(Saved entries)
+++
(* The weight mu_{rho,delta}(w + u) concentrates the integral near w = -u.
   For |u| >= 1, split the integral at |w + u| = |u|/2: near -u the factor |w|^alpha <w>^beta is
   comparable to <u>^(alpha+beta) and mu has finite total mass, while away from -u the Gaussian
   in mu is bounded by exp(-c (|u|^2 + |w|^2)), which is smaller than any power of <u>.
   For |u| <= 1 the integral is simply bounded.  For the lower bound, integrate over a ball of
   radius 1/4 just beyond -u, on which every factor is comparable to a constant or to a power
   of <u>.  Integrability of |w|^alpha near 0 (alpha > -n) and of |w|^(-n-1) at infinity follows
   from a dyadic decomposition into annuli. *)

lemma powr_comparable:
  fixes a x g :: real
  assumes "a > 0" "a / 4 \<le> x" "x \<le> 4 * a"
  shows "4 powr (-\<bar>g\<bar>) * a powr g \<le> x powr g \<and> x powr g \<le> 4 powr \<bar>g\<bar> * a powr g"
proof -
  have x: "x > 0" using assms by simp
  have ratio: "1/4 \<le> x/a" "x/a \<le> 4" using assms by (auto simp: field_simps)
  have "4 powr (-\<bar>g\<bar>) \<le> (x/a) powr g \<and> (x/a) powr g \<le> 4 powr \<bar>g\<bar>"
  proof (cases "g \<ge> 0")
    case True
    have "(1/4) powr g \<le> (x/a) powr g" "(x/a) powr g \<le> 4 powr g"
      using ratio x assms True by (auto intro!: powr_mono2)
    then show ?thesis using True by (simp add: powr_minus_divide powr_divide)
  next
    case False
    have "(x/a) powr g \<le> (1/4) powr g" "4 powr g \<le> (x/a) powr g"
      using ratio x assms False by (auto intro!: powr_mono2')
    then show ?thesis using False by (simp add: powr_minus_divide powr_divide)
  qed
  moreover have "x powr g = a powr g * (x/a) powr g" using assms x by (simp add: powr_divide)
  ultimately show ?thesis using assms by (auto simp: mult_left_mono mult.commute)
qed

lemma powr_mult_exp_bounded:
  fixes c m :: real
  assumes c: "c > 0"
  obtains K where "K > 0" "\<And>t. t \<ge> 1 \<Longrightarrow> t powr m * exp (-c * t) \<le> K"
proof
  define N where "N = Suc (nat \<lceil>m\<rceil>)"
  have N: "m \<le> real N" "N > 0" unfolding N_def by linarith+
  show "(real N / c) ^ N > 0" using c N by simp
  fix t :: real assume t: "t \<ge> 1"
  \<comment> \<open>\<open>t\<^sup>N = (N/c)\<^sup>N (c t/N)\<^sup>N\<close> and \<open>y \<le> exp y\<close>\<close>
  have "t powr m \<le> t ^ N" using t N by (simp add: powr_realpow[symmetric] powr_mono)
  also have "\<dots> = (real N / c) ^ N * (c * t / real N) ^ N"
    using c N by (simp add: power_mult_distrib[symmetric])
  also have "\<dots> \<le> (real N / c) ^ N * exp (c * t / real N) ^ N"
  proof -
    have "c * t / real N \<le> exp (c * t / real N)"
      using exp_ge_add_one_self[of "c * t / real N"] by linarith
    then show ?thesis using c t by (intro mult_left_mono power_mono) auto
  qed
  also have "exp (c * t / real N) ^ N = exp (c * t)"
    using N by (simp add: exp_of_nat_mult[symmetric])
  finally show "t powr m * exp (-c * t) \<le> (real N / c) ^ N"
    by (simp add: exp_minus field_simps)
qed

lemma powr_mult_gaussian_bounded:
  fixes c p :: real
  assumes "c > 0"
  obtains K where "K > 0" "\<And>r. r \<ge> 1 \<Longrightarrow> r powr p * exp (-c * r\<^sup>2) \<le> K"
proof -
  obtain K where K: "K > 0" "\<And>t. t \<ge> 1 \<Longrightarrow> t powr (p/2) * exp (-c * t) \<le> K"
    using powr_mult_exp_bounded[OF assms] by blast
  have "r powr p * exp (-c * r\<^sup>2) \<le> K" if r: "r \<ge> 1" for r
  proof -
    have "r powr 2 = r\<^sup>2" using r by (simp add: powr_numeral)
    moreover have "(r powr 2) powr (p/2) = r powr p" by (subst powr_powr) simp
    ultimately have "(r\<^sup>2) powr (p/2) = r powr p" by simp
    then show ?thesis using K(2)[of "r\<^sup>2"] r by (simp add: one_le_power)
  qed
  with K(1) show thesis by (rule that)
qed

lemma jbr_ge_1: "jbr u \<ge> 1"
  unfolding jbr_def by simp

lemma jbr_pos: "jbr u > 0"
  using jbr_ge_1[of u] by simp

lemma norm_le_jbr: "norm u \<le> jbr u"
  unfolding jbr_def by (rule real_le_rsqrt) simp

lemma jbr_le_1_plus_norm: "jbr u \<le> 1 + norm u"
  unfolding jbr_def
  by (rule real_sqrt_le_iff'[THEN iffD2]) (auto simp: power2_eq_square algebra_simps)

lemma jbr_powr_eq: "jbr u powr s = (1 + (norm u)\<^sup>2) powr (s/2)"
  unfolding jbr_def by (simp add: powr_half_sqrt[symmetric] powr_powr add_pos_nonneg)

lemma exp_neg_le_jbr_powr:
  fixes c s :: real
  assumes "c > 0"
  obtains K where "K > 0" "\<And>u :: 'a::real_normed_vector. exp (-c * (norm u)\<^sup>2) \<le> K * jbr u powr s"
proof -
  obtain K where K: "K > 0" "\<And>t. t \<ge> 1 \<Longrightarrow> t powr (-s/2) * exp (-c * t) \<le> K"
    using powr_mult_exp_bounded[OF assms] by blast
  have "exp (-c * (norm u)\<^sup>2) \<le> (K * exp c) * jbr u powr s" for u :: 'a
  proof -
    define t where "t = 1 + (norm u)\<^sup>2"
    have t: "t \<ge> 1" by (simp add: t_def)
    have "t powr (s/2) * t powr (-s/2) = 1" using t by (simp add: powr_add[symmetric])
    moreover have "exp (-c * (norm u)\<^sup>2) = exp (-c * t) * exp c"
      by (simp add: t_def exp_add[symmetric] algebra_simps)
    ultimately have "exp (-c * (norm u)\<^sup>2) = t powr (s/2) * (t powr (-s/2) * exp (-c * t)) * exp c"
      by (metis mult.assoc mult_1)
    also have "\<dots> \<le> t powr (s/2) * K * exp c"
      using K(2)[OF t] by (intro mult_right_mono mult_left_mono) auto
    finally show ?thesis by (simp add: jbr_powr_eq t_def mult_ac)
  qed
  moreover have "K * exp c > 0" using K(1) by simp
  ultimately show thesis using that by blast
qed

lemma jbr_powr_bounds_if_norm_le_1:
  assumes "norm u \<le> 1"
  shows "4 powr (-\<bar>s\<bar>) \<le> jbr u powr s \<and> jbr u powr s \<le> 4 powr \<bar>s\<bar>"
  using powr_comparable[of 1 "jbr u" s] assms jbr_ge_1[of u] jbr_le_1_plus_norm[of u] by simp

lemma jbr_powr_le_if_norm_ge_1:
  assumes "norm u \<ge> 1"
  shows "jbr u powr s \<le> 4 powr \<bar>s\<bar> * norm u powr s"
proof -
  have "norm u > 0" using assms by linarith
  then show ?thesis
    using powr_comparable[of "norm u" "jbr u" s] assms norm_le_jbr[of u] jbr_le_1_plus_norm[of u]
    by simp
qed

lemma mu_weight_nonneg: "mu_weight \<rho> \<delta> v \<ge> 0"
  unfolding mu_weight_def by simp

lemma mu_weight_le_gaussian:
  fixes \<rho> \<delta> :: real
  assumes "\<rho> > 0"
  obtains K where "K > 0"
    "\<And>v :: 'a::real_normed_vector. mu_weight \<rho> \<delta> v \<le> K * exp (-(\<rho>/2) * (norm v)\<^sup>2)"
proof -
  obtain K where K: "K > 0"
    "\<And>v :: 'a. exp (-(\<rho>/2) * (norm v)\<^sup>2) \<le> K * jbr v powr (-\<delta>)"
    using exp_neg_le_jbr_powr[of "\<rho>/2"] assms by (metis half_gt_zero)
  have "mu_weight \<rho> \<delta> v \<le> K * exp (-(\<rho>/2) * (norm v)\<^sup>2)" for v :: 'a
  proof -
    have "mu_weight \<rho> \<delta> v = jbr v powr \<delta> * exp (-(\<rho>/2) * (norm v)\<^sup>2) * exp (-(\<rho>/2) * (norm v)\<^sup>2)"
      by (simp add: mu_weight_def mult.assoc exp_add[symmetric])
    also have "\<dots> \<le> jbr v powr \<delta> * (K * jbr v powr (-\<delta>)) * exp (-(\<rho>/2) * (norm v)\<^sup>2)"
      using K(2)[of v] by (intro mult_right_mono mult_left_mono) auto
    also have "\<dots> = K * exp (-(\<rho>/2) * (norm v)\<^sup>2)"
      using jbr_pos[of v] by (simp add: powr_minus field_simps)
    finally show ?thesis .
  qed
  with K(1) show thesis by (rule that)
qed

lemma norm_power2_le_shift:
  fixes u w :: "'a::real_normed_vector"
  shows "(norm w)\<^sup>2 \<le> 2 * (norm (w + u))\<^sup>2 + 2 * (norm u)\<^sup>2"
proof -
  have "norm w \<le> norm (w + u) + norm u" using norm_triangle_sub[of w "w + u"] by simp
  then have "(norm w)\<^sup>2 \<le> (norm (w + u) + norm u)\<^sup>2" by (intro power_mono) auto
  also have "\<dots> \<le> 2 * (norm (w + u))\<^sup>2 + 2 * (norm u)\<^sup>2"
    using zero_le_power2[of "norm (w + u) - norm u"] by (simp add: power2_eq_square algebra_simps)
  finally show ?thesis .
qed

lemma gaussian_shift_le:
  fixes c :: real and u w :: "'a::real_normed_vector"
  assumes "c \<ge> 0"
  shows "exp (-c * (norm (w + u))\<^sup>2) \<le> exp (c * (norm u)\<^sup>2) * exp (-(c/2) * (norm w)\<^sup>2)"
proof -
  have "(c/2) * (norm w)\<^sup>2 \<le> (c/2) * (2 * (norm (w + u))\<^sup>2 + 2 * (norm u)\<^sup>2)"
    using norm_power2_le_shift[of w u] assms by (intro mult_left_mono) auto
  then show ?thesis by (simp add: exp_add[symmetric] algebra_simps)
qed

lemma gaussian_shift_le_far:
  fixes c :: real and u w :: "'a::real_normed_vector"
  assumes "c \<ge> 0" "norm u \<le> 2 * norm (w + u)"
  shows "exp (-c * (norm (w + u))\<^sup>2) \<le> exp (-(c/8) * (norm u)\<^sup>2) * exp (-(c/20) * (norm w)\<^sup>2)"
proof -
  have "(norm u)\<^sup>2 \<le> (2 * norm (w + u))\<^sup>2" using assms(2) by (intro power_mono) auto
  then have "(norm u)\<^sup>2 / 8 + (norm w)\<^sup>2 / 20 \<le> (norm (w + u))\<^sup>2"
    using norm_power2_le_shift[of w u] by (simp add: power_mult_distrib)
  then have "c * ((norm u)\<^sup>2 / 8 + (norm w)\<^sup>2 / 20) \<le> c * (norm (w + u))\<^sup>2"
    using assms(1) by (rule mult_left_mono)
  then show ?thesis by (simp add: exp_add[symmetric] algebra_simps)
qed

lemma nn_integral_norm_powr_annulus_le:
  fixes g a :: real
  assumes "a > 0"
  shows "(\<integral>\<^sup>+w. indicator {w::'a::euclidean_space. a/2 < norm w \<and> norm w \<le> a} w
            * ennreal (norm w powr g) \<partial>lborel)
         \<le> ennreal (4 powr \<bar>g\<bar> * unit_ball_vol DIM('a) * a powr (g + DIM('a)))"
proof -
  have "indicator {w::'a. a/2 < norm w \<and> norm w \<le> a} w * ennreal (norm w powr g)
        \<le> ennreal (4 powr \<bar>g\<bar> * a powr g) * indicator (cball 0 a) w" for w :: 'a
    using powr_comparable[of a "norm w" g] assms by (auto simp: indicator_def)
  then have "(\<integral>\<^sup>+w. indicator {w::'a. a/2 < norm w \<and> norm w \<le> a} w * ennreal (norm w powr g) \<partial>lborel)
      \<le> (\<integral>\<^sup>+w. ennreal (4 powr \<bar>g\<bar> * a powr g) * indicator (cball (0::'a) a) w \<partial>lborel)"
    by (intro nn_integral_mono)
  also have "\<dots> = ennreal (4 powr \<bar>g\<bar> * a powr g) * emeasure lborel (cball (0::'a) a)"
    by (simp add: nn_integral_cmult_indicator)
  also have "\<dots> = ennreal (4 powr \<bar>g\<bar> * unit_ball_vol DIM('a) * a powr (g + DIM('a)))"
    using assms by (simp add: emeasure_cball ennreal_mult'[symmetric] powr_add powr_realpow mult_ac)
  finally show ?thesis .
qed

lemma nn_integral_indicator_le_suminf_cover:
  fixes f :: "'a \<Rightarrow> ennreal" and A :: "nat \<Rightarrow> 'a set"
  assumes [measurable]: "\<And>k. A k \<in> sets M" "f \<in> borel_measurable M"
    and cover: "\<And>x. x \<in> S \<Longrightarrow> f x \<noteq> 0 \<Longrightarrow> \<exists>k. x \<in> A k"
  shows "(\<integral>\<^sup>+x. indicator S x * f x \<partial>M) \<le> (\<Sum>k. \<integral>\<^sup>+x. indicator (A k) x * f x \<partial>M)"
proof -
  have "indicator S x * f x \<le> (\<Sum>k. indicator (A k) x * f x)" for x
  proof (cases "x \<in> S \<and> f x \<noteq> 0")
    case True
    then obtain k where k: "x \<in> A k" using cover by blast
    define F where "F j = indicator (A j) x * f x" for j
    have "sum F {k} \<le> suminf F" by (rule sum_le_suminf[OF summableI]) auto
    then have "indicator S x * f x \<le> suminf F" using True k by (simp add: F_def)
    then show ?thesis unfolding F_def .
  qed (auto simp: indicator_def)
  then have "(\<integral>\<^sup>+x. indicator S x * f x \<partial>M) \<le> (\<integral>\<^sup>+x. (\<Sum>k. indicator (A k) x * f x) \<partial>M)"
    by (intro nn_integral_mono)
  also have "\<dots> = (\<Sum>k. \<integral>\<^sup>+x. indicator (A k) x * f x \<partial>M)"
    by (intro nn_integral_suminf) measurable
  finally show ?thesis .
qed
+++
▶ **Exercise objective**
Report the count of lines in the entries that contain the string "which", and nothing besides it.

▶ **Exercise response**
2